Material supplied below:

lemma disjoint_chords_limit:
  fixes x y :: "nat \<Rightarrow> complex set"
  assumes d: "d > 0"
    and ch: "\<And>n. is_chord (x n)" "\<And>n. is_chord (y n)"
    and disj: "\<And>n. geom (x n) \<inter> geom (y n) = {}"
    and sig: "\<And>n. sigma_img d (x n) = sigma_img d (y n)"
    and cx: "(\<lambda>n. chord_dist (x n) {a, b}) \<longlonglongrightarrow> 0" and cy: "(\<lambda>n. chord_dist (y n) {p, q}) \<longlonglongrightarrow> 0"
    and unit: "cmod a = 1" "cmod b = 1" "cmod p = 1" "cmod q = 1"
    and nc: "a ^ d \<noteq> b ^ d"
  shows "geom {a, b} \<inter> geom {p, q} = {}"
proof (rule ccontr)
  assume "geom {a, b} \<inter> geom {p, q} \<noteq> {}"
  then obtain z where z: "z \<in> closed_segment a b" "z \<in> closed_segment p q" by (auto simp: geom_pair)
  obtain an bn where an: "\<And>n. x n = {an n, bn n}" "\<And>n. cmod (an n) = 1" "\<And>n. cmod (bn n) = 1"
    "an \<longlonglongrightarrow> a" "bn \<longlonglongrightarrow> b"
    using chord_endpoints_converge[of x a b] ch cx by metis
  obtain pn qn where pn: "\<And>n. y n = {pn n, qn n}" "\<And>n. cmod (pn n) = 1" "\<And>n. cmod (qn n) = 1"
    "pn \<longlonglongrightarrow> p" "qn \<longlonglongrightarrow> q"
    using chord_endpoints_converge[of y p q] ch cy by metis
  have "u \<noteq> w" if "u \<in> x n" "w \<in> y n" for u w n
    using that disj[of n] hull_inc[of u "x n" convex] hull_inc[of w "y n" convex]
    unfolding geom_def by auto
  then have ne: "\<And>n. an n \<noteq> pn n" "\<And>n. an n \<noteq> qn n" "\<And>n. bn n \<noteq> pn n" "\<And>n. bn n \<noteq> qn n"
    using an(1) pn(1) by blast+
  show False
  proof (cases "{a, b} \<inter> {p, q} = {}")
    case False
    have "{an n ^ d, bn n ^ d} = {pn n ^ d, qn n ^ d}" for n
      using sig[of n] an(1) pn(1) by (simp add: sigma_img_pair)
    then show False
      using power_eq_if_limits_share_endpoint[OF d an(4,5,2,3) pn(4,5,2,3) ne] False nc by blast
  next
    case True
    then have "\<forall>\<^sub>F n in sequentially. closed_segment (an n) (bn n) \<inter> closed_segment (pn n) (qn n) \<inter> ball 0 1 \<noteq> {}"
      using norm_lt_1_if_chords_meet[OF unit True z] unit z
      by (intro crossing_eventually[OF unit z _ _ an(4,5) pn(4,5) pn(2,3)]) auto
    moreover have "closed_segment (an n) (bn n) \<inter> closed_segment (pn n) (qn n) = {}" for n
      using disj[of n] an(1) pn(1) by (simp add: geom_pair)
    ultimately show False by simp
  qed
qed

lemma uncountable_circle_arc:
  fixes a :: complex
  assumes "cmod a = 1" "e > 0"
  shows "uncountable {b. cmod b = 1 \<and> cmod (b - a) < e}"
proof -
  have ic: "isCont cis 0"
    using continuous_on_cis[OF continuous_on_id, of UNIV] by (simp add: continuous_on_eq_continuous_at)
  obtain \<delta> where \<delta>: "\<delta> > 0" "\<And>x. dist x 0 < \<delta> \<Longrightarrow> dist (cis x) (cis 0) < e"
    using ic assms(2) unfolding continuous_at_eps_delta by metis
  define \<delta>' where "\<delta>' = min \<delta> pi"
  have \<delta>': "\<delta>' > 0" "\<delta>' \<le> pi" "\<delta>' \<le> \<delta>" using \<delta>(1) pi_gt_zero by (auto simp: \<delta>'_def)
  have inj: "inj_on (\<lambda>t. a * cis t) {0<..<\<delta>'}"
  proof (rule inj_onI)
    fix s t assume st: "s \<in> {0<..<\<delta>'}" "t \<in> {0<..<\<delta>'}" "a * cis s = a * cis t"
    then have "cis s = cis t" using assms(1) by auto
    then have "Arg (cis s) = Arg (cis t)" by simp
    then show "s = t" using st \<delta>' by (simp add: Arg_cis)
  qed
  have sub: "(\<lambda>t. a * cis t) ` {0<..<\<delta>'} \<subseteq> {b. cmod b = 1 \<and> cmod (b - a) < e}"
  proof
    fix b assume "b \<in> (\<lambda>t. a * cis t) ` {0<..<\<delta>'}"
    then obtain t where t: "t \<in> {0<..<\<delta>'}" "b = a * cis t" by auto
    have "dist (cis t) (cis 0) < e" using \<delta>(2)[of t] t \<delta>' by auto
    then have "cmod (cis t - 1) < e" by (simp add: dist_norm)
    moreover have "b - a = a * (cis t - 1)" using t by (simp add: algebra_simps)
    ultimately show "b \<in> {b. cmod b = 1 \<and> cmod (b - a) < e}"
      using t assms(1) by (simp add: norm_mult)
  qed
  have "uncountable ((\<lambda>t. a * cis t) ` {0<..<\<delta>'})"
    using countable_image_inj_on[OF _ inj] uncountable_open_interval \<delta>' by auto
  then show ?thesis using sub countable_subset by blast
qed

End of Material supplied.
Material supplied below:

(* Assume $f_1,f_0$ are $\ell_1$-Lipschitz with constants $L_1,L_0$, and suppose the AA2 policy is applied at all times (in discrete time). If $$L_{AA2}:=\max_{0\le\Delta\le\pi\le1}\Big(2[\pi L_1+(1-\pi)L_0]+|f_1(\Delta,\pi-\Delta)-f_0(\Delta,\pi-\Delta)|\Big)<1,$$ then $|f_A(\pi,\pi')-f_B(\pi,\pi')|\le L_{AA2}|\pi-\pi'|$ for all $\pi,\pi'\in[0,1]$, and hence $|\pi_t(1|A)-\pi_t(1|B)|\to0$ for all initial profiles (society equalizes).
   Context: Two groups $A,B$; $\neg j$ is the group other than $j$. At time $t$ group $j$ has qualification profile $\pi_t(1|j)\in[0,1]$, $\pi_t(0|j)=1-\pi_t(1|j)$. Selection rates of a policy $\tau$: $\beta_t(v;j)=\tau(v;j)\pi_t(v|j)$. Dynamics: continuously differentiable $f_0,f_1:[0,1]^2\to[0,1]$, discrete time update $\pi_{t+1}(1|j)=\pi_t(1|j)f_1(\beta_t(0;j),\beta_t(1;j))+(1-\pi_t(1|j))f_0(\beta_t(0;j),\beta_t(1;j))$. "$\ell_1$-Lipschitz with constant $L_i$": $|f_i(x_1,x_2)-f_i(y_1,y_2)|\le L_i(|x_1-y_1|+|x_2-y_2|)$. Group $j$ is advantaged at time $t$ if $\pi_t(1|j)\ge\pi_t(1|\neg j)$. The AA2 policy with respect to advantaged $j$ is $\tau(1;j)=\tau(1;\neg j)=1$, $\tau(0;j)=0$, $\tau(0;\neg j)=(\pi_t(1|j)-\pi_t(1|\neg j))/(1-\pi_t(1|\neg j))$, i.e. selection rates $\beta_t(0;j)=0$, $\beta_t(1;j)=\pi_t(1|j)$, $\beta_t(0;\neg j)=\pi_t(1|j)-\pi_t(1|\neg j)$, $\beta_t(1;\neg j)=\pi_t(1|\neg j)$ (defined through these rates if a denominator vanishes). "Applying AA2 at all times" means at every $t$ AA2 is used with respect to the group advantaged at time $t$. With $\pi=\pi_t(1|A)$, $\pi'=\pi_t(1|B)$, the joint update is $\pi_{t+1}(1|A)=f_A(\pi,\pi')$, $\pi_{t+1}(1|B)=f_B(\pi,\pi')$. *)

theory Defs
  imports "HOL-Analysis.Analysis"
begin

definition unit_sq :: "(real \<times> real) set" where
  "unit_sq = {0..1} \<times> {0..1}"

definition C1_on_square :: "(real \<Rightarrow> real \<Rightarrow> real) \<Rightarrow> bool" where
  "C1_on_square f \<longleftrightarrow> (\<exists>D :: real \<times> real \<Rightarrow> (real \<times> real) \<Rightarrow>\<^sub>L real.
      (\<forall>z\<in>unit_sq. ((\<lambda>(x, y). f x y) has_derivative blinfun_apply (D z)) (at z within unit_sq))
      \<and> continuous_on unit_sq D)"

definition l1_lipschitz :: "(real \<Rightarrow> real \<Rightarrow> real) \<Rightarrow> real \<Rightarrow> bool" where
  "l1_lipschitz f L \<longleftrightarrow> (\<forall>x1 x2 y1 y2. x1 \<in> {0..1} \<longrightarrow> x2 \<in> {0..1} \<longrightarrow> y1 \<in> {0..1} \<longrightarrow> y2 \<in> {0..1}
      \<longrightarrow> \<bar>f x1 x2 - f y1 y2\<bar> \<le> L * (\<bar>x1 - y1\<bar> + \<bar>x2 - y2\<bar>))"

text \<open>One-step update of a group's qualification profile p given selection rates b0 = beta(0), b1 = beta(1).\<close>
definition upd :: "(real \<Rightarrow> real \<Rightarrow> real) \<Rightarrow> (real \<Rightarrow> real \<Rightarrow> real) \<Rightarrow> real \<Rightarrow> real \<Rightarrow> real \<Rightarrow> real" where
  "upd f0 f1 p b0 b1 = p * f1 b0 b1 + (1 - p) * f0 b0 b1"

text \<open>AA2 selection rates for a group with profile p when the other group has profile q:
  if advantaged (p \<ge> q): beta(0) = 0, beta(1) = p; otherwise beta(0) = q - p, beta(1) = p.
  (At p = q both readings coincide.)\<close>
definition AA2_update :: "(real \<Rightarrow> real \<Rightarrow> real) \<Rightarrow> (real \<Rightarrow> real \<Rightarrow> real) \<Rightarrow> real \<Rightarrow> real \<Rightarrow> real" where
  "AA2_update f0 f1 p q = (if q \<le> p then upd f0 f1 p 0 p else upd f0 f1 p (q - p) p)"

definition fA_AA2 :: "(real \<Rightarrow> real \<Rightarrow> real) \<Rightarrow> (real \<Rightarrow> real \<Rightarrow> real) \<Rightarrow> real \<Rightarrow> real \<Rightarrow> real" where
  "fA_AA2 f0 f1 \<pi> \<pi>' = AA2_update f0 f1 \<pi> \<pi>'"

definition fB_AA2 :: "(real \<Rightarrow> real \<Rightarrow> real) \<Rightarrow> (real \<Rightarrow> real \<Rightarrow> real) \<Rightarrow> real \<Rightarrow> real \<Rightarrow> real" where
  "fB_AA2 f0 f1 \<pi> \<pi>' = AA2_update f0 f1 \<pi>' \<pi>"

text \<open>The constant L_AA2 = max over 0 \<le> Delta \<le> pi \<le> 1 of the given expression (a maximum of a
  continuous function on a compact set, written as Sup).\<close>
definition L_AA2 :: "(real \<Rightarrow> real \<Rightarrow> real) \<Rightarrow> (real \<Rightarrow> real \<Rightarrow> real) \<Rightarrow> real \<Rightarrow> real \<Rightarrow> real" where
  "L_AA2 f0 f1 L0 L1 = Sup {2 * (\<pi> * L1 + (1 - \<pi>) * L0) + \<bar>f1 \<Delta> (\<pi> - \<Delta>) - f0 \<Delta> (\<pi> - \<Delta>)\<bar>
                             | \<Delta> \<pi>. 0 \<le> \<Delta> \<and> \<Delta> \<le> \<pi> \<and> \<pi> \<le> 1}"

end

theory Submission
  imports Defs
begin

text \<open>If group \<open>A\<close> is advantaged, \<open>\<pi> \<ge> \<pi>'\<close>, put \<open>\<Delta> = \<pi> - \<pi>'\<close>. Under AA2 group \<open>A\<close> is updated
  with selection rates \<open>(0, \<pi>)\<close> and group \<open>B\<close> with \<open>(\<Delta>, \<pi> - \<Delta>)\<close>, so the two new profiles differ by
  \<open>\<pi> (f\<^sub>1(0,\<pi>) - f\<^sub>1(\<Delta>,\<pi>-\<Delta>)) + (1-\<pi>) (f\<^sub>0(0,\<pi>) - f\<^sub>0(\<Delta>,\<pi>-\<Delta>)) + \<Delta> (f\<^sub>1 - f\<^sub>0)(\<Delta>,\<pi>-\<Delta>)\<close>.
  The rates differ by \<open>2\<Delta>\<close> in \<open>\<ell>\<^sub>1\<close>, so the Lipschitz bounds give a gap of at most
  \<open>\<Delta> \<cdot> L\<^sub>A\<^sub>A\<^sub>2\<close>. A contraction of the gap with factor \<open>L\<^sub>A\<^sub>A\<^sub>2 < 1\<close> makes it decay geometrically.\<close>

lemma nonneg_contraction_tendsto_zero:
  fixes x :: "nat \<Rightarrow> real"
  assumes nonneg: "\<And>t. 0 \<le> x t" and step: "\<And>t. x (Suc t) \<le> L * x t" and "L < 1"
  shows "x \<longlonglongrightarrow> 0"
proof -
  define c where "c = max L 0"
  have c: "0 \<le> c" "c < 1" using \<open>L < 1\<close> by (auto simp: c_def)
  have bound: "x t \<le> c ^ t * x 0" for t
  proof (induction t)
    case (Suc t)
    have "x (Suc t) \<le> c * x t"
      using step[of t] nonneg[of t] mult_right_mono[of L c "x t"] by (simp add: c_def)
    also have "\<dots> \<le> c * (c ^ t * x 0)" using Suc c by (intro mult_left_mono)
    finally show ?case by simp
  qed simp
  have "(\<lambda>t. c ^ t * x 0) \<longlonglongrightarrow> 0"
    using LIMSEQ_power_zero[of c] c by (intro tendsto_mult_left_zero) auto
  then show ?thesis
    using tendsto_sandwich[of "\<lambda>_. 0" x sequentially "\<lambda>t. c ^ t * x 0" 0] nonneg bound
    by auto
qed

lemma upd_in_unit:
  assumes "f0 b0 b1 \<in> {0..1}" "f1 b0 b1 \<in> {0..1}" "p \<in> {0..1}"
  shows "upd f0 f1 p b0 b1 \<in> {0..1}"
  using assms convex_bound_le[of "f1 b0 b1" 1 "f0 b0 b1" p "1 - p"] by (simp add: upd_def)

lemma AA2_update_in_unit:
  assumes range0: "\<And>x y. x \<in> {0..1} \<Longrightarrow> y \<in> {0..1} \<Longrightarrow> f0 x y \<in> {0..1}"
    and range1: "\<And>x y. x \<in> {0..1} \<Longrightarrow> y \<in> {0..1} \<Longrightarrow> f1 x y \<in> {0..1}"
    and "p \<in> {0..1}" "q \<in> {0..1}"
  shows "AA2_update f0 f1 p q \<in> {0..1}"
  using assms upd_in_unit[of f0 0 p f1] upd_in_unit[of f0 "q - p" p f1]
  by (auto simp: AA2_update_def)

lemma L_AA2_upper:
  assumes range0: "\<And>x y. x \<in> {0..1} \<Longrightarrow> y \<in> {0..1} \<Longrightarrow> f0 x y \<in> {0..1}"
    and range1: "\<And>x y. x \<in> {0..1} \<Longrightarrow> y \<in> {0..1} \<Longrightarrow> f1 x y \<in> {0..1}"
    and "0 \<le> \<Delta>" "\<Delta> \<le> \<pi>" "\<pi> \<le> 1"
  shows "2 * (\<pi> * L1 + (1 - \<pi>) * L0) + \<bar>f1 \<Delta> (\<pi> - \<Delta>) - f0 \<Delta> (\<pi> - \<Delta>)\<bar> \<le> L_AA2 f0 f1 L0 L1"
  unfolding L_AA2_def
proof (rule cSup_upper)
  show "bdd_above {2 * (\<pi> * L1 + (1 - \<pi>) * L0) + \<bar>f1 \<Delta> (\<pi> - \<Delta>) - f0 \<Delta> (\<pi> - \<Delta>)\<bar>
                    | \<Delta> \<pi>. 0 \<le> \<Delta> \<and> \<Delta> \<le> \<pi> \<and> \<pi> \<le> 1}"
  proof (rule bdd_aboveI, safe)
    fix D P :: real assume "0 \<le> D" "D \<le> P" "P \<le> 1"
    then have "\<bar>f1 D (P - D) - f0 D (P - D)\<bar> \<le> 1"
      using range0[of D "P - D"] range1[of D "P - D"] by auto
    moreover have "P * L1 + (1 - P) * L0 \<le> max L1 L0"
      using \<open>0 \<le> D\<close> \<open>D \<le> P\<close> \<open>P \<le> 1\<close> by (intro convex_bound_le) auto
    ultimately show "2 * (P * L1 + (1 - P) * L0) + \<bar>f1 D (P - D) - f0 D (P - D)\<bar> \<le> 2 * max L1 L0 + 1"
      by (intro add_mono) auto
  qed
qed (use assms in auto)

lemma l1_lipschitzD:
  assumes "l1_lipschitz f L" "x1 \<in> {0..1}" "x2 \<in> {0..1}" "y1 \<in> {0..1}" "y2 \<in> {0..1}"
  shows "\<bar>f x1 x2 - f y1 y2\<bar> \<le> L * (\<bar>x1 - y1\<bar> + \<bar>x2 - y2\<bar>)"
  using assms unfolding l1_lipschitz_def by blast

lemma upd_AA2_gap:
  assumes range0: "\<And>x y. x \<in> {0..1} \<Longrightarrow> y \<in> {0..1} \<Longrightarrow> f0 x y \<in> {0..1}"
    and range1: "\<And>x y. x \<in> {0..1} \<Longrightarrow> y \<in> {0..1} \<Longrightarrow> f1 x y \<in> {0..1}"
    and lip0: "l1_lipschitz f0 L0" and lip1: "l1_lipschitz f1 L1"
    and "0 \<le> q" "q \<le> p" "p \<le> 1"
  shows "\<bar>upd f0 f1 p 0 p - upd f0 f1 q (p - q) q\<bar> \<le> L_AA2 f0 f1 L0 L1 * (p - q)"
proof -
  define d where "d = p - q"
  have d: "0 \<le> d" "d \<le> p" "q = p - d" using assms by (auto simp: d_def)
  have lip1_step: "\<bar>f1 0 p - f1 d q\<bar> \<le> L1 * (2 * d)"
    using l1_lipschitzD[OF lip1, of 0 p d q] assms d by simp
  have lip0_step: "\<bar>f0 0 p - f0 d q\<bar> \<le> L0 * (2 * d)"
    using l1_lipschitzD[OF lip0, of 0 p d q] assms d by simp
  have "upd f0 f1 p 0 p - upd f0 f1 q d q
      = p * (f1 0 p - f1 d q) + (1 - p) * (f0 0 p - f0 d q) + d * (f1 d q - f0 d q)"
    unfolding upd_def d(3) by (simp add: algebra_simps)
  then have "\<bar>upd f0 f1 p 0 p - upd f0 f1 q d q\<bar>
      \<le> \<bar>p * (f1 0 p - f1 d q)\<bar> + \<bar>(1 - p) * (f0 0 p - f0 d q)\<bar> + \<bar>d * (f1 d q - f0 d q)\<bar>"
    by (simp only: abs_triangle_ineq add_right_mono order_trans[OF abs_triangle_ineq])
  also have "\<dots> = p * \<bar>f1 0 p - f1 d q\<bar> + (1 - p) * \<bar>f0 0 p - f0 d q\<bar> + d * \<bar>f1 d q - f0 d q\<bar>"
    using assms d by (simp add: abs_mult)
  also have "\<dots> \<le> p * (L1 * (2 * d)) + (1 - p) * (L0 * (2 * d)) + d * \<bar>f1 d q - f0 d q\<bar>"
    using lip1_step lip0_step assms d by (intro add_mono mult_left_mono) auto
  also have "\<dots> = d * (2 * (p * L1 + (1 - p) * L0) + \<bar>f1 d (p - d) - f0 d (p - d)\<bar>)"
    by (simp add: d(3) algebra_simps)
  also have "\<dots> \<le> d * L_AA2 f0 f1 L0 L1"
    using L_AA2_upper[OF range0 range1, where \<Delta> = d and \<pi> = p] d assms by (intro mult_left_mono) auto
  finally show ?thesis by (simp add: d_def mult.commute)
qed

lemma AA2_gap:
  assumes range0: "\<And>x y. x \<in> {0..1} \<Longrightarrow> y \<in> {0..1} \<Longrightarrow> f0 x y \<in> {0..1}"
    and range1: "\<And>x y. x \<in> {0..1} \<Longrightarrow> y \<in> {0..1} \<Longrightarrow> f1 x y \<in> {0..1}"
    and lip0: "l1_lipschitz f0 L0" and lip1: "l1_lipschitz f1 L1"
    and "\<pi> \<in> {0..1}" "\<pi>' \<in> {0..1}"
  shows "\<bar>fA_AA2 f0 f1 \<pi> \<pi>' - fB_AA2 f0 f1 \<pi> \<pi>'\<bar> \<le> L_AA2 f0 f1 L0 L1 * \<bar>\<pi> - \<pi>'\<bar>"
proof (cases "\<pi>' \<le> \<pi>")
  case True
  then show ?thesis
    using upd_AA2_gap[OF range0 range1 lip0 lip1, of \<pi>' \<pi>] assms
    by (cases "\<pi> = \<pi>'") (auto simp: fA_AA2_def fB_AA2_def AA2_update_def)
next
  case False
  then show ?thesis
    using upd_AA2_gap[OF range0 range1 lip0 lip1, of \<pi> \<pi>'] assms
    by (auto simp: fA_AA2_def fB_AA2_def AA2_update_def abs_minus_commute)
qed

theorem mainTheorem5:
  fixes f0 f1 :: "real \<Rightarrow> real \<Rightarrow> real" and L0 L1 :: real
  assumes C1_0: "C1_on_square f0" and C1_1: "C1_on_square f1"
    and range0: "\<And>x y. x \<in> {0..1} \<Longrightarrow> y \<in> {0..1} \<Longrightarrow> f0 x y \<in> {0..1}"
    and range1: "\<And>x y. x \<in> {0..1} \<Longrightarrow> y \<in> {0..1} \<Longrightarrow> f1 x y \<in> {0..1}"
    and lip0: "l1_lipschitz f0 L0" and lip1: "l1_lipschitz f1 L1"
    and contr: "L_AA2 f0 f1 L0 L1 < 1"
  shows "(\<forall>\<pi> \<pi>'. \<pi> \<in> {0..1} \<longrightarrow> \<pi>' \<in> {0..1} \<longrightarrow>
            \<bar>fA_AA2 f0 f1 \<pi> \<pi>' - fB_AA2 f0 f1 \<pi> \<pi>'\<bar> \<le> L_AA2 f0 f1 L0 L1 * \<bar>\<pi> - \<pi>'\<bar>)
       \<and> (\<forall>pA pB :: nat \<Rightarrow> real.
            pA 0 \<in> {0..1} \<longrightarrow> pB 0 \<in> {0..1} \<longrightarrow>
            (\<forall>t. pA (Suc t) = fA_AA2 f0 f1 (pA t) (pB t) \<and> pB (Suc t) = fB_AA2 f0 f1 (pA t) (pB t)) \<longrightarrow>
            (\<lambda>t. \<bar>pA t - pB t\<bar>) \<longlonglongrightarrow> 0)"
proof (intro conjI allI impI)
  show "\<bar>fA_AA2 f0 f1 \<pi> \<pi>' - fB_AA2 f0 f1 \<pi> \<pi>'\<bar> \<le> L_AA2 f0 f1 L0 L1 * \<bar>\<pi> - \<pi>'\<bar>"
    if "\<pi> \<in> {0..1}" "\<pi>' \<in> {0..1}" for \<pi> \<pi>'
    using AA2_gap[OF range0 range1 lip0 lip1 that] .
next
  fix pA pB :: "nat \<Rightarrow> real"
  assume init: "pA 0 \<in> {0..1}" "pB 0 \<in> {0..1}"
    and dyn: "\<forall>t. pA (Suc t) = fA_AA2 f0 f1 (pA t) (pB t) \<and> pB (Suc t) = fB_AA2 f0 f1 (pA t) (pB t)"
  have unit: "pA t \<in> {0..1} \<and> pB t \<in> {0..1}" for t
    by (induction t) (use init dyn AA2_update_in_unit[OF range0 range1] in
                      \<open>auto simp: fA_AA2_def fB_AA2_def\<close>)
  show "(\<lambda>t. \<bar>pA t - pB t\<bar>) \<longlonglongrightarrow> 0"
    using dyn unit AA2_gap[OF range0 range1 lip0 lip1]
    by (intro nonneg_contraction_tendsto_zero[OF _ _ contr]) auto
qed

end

End of Material supplied.
Material supplied below:

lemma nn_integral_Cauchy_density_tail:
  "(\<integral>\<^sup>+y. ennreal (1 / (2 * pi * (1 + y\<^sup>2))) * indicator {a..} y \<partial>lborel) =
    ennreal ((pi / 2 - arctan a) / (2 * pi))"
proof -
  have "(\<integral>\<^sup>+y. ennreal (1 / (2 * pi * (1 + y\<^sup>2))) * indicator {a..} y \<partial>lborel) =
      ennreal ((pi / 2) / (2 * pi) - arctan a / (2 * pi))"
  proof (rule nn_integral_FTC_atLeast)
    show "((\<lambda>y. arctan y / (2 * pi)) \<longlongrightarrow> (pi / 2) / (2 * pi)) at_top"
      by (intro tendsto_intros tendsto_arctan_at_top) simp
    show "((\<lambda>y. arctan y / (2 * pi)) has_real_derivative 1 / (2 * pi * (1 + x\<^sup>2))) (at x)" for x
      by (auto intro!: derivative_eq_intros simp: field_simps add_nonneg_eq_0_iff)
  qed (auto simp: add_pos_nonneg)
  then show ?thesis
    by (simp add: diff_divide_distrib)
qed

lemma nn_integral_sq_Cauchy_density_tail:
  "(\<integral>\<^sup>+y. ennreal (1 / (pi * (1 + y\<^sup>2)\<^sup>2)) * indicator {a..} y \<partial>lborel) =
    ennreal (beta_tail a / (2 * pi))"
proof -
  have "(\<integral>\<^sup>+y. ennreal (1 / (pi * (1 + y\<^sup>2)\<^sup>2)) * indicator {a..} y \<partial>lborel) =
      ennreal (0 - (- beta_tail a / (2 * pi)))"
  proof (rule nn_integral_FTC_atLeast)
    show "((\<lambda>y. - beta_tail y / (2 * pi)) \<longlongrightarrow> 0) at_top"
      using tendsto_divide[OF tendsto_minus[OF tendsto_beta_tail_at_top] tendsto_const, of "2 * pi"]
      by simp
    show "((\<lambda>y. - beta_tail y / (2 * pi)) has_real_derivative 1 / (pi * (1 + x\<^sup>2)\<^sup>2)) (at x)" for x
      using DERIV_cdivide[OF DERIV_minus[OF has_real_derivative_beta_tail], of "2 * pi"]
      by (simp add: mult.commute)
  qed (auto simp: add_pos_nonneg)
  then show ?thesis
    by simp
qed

End of Material supplied.

What is expected: Scan the lines above for the word "bool", then copy each line that has it.

Completed exercise:
definition C1_on_square :: "(real \<Rightarrow> real \<Rightarrow> real) \<Rightarrow> bool" where
definition l1_lipschitz :: "(real \<Rightarrow> real \<Rightarrow> real) \<Rightarrow> real \<Rightarrow> bool" where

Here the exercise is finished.